About this task ->
The response must consist of the lines below from the one with "S)) has_field_derivative (\<Sum>i\<in>UNIV." through the one with "set). Min (range", exactly as they appear and with both ends kept.

(Collected data)
=== Begin Enclosure ===

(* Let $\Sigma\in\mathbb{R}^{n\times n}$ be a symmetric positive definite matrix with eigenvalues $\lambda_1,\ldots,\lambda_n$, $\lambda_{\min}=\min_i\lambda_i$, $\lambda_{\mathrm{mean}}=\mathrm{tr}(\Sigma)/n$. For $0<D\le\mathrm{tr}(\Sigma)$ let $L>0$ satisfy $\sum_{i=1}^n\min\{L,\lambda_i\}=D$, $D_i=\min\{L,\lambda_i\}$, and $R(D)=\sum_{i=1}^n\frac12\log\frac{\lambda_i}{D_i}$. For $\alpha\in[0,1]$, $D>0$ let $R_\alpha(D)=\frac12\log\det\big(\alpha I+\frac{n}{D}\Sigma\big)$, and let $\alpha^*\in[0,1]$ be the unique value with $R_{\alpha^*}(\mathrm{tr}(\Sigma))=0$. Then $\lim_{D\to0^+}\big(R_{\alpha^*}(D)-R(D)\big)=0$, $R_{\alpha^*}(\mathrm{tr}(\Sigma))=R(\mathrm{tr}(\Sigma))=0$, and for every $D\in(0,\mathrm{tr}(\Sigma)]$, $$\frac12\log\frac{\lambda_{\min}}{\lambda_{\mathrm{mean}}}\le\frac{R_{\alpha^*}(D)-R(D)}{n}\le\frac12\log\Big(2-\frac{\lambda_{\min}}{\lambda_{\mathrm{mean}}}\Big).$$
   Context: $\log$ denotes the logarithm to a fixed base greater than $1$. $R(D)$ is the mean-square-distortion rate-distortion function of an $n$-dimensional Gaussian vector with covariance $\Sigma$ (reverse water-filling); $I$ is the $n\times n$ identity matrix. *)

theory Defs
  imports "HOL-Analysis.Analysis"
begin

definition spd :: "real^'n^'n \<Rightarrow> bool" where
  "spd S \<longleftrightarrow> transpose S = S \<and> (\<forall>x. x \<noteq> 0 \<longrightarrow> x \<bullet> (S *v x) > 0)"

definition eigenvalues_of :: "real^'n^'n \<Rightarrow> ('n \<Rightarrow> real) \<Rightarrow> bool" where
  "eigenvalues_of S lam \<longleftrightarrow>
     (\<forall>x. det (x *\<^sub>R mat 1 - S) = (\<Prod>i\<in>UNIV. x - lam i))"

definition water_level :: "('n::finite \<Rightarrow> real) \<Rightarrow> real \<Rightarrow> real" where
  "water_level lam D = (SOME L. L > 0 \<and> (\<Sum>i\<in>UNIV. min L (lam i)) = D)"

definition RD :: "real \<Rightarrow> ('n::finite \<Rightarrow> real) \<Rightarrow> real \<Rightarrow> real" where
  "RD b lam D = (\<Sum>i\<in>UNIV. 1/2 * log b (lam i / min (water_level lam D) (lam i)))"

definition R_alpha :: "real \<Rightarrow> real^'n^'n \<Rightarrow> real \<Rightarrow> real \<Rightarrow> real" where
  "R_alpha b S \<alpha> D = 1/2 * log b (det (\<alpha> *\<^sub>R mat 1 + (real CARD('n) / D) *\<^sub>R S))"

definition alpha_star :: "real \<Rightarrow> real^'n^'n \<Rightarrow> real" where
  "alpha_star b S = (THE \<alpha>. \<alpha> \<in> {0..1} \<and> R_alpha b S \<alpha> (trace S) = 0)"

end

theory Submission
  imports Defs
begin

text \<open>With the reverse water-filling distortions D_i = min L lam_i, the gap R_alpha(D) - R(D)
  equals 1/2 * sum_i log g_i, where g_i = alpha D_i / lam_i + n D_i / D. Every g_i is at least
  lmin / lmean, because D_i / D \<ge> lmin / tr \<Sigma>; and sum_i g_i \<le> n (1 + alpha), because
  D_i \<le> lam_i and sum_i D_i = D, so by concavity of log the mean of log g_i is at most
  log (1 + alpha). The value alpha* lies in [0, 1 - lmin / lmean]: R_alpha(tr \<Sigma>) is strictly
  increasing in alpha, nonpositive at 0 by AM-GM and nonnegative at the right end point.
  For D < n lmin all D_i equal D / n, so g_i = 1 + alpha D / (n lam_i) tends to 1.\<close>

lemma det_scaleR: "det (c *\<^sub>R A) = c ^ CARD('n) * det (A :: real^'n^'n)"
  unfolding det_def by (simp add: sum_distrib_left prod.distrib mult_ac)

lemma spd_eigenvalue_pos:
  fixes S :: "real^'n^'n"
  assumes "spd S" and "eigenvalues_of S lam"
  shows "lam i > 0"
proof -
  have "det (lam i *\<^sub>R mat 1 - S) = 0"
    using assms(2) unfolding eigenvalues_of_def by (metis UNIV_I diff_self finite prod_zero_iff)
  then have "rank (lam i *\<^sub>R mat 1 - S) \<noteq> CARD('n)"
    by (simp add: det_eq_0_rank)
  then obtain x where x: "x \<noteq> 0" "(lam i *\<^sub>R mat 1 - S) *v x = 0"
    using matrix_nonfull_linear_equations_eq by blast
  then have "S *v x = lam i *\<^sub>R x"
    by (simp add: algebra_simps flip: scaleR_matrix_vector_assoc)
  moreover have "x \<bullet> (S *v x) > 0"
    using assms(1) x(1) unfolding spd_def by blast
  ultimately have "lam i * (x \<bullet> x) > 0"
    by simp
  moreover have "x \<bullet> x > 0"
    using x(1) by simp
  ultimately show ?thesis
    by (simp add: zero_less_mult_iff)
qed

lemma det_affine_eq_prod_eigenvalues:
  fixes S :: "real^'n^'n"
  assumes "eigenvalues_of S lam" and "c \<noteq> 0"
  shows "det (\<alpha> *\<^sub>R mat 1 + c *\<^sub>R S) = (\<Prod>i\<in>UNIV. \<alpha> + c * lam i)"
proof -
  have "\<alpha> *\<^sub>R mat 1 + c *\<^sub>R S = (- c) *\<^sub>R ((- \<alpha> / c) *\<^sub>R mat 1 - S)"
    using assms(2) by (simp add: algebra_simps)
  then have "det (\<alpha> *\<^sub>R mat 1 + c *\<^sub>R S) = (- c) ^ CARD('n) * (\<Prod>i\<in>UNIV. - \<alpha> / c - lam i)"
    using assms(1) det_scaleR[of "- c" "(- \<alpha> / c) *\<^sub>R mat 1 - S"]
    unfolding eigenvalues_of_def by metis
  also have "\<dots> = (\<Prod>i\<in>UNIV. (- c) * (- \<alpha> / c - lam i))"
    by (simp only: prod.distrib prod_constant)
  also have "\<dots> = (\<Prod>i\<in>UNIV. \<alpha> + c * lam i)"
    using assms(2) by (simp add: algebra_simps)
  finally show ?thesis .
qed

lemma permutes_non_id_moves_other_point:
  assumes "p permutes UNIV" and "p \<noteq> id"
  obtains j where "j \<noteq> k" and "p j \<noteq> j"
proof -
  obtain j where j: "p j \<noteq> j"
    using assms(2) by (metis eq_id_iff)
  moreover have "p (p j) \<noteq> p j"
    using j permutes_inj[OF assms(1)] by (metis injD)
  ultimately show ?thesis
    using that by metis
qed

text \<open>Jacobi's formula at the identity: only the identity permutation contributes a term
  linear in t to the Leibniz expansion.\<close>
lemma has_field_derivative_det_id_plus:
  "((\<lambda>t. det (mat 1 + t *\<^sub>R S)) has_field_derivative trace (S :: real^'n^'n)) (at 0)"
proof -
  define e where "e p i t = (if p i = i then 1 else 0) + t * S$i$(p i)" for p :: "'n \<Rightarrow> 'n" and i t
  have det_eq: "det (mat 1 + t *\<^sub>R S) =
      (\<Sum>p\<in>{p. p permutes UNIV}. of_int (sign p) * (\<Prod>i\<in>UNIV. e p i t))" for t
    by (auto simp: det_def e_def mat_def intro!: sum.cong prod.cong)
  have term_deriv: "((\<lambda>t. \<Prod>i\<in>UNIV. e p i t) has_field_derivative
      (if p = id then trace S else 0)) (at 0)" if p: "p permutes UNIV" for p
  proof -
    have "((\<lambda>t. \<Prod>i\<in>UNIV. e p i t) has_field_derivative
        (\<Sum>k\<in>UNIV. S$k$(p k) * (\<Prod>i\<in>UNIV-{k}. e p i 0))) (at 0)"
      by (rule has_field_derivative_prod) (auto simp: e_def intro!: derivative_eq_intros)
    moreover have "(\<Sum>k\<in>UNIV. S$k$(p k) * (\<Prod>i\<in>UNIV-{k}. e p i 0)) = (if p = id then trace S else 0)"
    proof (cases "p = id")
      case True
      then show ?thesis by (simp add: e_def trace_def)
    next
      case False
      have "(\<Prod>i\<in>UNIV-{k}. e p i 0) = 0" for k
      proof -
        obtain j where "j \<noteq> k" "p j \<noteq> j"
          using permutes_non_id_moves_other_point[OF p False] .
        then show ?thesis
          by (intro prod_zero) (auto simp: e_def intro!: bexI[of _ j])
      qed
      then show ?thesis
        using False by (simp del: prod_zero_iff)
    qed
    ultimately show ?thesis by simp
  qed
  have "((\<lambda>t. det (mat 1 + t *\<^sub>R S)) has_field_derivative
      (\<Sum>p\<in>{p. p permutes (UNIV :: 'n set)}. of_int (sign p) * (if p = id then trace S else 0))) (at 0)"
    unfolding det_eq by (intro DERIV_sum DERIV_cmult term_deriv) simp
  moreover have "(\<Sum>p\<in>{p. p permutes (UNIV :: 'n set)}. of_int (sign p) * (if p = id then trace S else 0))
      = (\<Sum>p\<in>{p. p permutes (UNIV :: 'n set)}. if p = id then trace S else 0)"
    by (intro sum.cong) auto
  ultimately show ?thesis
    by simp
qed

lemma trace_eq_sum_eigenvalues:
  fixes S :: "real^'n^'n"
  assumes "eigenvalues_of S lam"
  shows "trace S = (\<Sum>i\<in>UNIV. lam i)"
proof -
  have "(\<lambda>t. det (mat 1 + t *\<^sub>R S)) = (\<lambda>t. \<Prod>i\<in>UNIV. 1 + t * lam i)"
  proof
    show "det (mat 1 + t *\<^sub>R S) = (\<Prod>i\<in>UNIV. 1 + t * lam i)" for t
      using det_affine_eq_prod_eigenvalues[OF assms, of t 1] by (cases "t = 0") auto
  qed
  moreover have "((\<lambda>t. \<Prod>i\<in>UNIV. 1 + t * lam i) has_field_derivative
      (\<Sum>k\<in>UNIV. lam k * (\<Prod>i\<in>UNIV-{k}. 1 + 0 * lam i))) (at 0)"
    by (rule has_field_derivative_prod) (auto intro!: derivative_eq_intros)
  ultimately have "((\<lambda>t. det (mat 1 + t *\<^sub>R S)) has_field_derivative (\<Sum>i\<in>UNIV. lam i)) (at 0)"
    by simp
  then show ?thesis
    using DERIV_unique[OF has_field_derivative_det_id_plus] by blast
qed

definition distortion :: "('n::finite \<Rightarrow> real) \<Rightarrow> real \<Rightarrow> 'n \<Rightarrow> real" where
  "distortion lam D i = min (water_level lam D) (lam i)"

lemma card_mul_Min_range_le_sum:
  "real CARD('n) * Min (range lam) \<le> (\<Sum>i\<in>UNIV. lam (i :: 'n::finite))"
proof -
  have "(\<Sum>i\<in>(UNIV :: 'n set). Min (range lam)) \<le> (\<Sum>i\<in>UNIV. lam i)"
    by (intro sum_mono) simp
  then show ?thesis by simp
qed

=== End Enclosure ===
=== Begin Enclosure ===

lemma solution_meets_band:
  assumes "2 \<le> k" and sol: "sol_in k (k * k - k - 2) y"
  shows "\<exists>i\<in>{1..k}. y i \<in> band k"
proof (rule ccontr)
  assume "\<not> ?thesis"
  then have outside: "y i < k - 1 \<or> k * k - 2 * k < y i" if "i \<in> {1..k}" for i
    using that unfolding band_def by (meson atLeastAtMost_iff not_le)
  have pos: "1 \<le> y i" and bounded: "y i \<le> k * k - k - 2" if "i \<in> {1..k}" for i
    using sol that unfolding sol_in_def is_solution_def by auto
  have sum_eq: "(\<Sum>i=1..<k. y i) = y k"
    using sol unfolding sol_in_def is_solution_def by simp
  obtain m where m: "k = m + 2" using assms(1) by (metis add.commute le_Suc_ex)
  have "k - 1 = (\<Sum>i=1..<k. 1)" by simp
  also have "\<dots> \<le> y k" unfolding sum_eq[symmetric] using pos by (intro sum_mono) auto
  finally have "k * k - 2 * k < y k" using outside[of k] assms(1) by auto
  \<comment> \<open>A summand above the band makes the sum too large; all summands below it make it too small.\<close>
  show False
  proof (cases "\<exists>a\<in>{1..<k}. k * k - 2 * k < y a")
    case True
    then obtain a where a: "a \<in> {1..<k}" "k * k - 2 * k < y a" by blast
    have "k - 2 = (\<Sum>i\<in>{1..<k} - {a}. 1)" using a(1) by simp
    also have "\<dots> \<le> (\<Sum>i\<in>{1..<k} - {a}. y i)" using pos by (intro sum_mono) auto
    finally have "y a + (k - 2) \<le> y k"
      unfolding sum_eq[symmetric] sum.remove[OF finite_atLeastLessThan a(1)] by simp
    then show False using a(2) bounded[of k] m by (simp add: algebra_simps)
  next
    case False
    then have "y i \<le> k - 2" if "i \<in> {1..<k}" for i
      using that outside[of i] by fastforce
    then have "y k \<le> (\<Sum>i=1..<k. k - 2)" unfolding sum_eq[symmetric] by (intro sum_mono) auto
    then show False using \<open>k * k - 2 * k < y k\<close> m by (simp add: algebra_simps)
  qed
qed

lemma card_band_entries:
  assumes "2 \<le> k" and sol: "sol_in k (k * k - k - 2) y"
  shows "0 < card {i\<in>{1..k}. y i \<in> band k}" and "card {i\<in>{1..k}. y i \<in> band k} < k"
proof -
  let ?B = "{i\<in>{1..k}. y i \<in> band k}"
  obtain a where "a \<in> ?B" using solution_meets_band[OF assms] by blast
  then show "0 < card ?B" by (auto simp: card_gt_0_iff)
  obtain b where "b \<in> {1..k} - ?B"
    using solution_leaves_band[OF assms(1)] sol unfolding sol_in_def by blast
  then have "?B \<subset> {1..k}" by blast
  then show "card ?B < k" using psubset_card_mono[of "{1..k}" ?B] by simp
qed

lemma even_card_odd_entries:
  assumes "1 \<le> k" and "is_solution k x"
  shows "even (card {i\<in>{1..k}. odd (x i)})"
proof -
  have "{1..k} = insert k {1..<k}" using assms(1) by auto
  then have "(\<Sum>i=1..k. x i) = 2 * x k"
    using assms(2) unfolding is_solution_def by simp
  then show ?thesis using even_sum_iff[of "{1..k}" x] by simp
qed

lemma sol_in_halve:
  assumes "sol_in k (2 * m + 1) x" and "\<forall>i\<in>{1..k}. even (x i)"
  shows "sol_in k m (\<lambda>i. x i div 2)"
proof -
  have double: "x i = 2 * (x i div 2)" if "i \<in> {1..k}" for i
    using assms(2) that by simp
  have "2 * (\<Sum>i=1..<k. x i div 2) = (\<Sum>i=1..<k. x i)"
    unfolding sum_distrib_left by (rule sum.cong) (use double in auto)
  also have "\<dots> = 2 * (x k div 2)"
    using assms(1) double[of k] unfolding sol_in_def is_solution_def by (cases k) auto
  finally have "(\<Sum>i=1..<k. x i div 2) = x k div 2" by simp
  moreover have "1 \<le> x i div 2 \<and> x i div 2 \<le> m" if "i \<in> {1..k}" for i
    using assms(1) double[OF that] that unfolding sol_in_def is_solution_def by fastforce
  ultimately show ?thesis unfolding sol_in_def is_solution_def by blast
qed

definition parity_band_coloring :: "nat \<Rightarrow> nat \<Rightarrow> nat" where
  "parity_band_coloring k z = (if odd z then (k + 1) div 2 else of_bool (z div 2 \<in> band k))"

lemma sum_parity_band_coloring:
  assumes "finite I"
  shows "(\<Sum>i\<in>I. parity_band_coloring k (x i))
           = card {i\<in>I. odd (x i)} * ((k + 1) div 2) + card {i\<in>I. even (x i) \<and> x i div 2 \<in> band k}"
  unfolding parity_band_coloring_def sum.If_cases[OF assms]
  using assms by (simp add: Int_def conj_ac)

=== End Enclosure ===

Expected answer ->
  ultimately have "((\<lambda>t. det (mat 1 + t *\<^sub>R S)) has_field_derivative (\<Sum>i\<in>UNIV. lam i)) (at 0)"
    by simp
  then show ?thesis
    using DERIV_unique[OF has_field_derivative_det_id_plus] by blast
qed

definition distortion :: "('n::finite \<Rightarrow> real) \<Rightarrow> real \<Rightarrow> 'n \<Rightarrow> real" where
  "distortion lam D i = min (water_level lam D) (lam i)"

lemma card_mul_Min_range_le_sum:
  "real CARD('n) * Min (range lam) \<le> (\<Sum>i\<in>UNIV. lam (i :: 'n::finite))"
proof -
  have "(\<Sum>i\<in>(UNIV :: 'n set). Min (range lam)) \<le> (\<Sum>i\<in>UNIV. lam i)"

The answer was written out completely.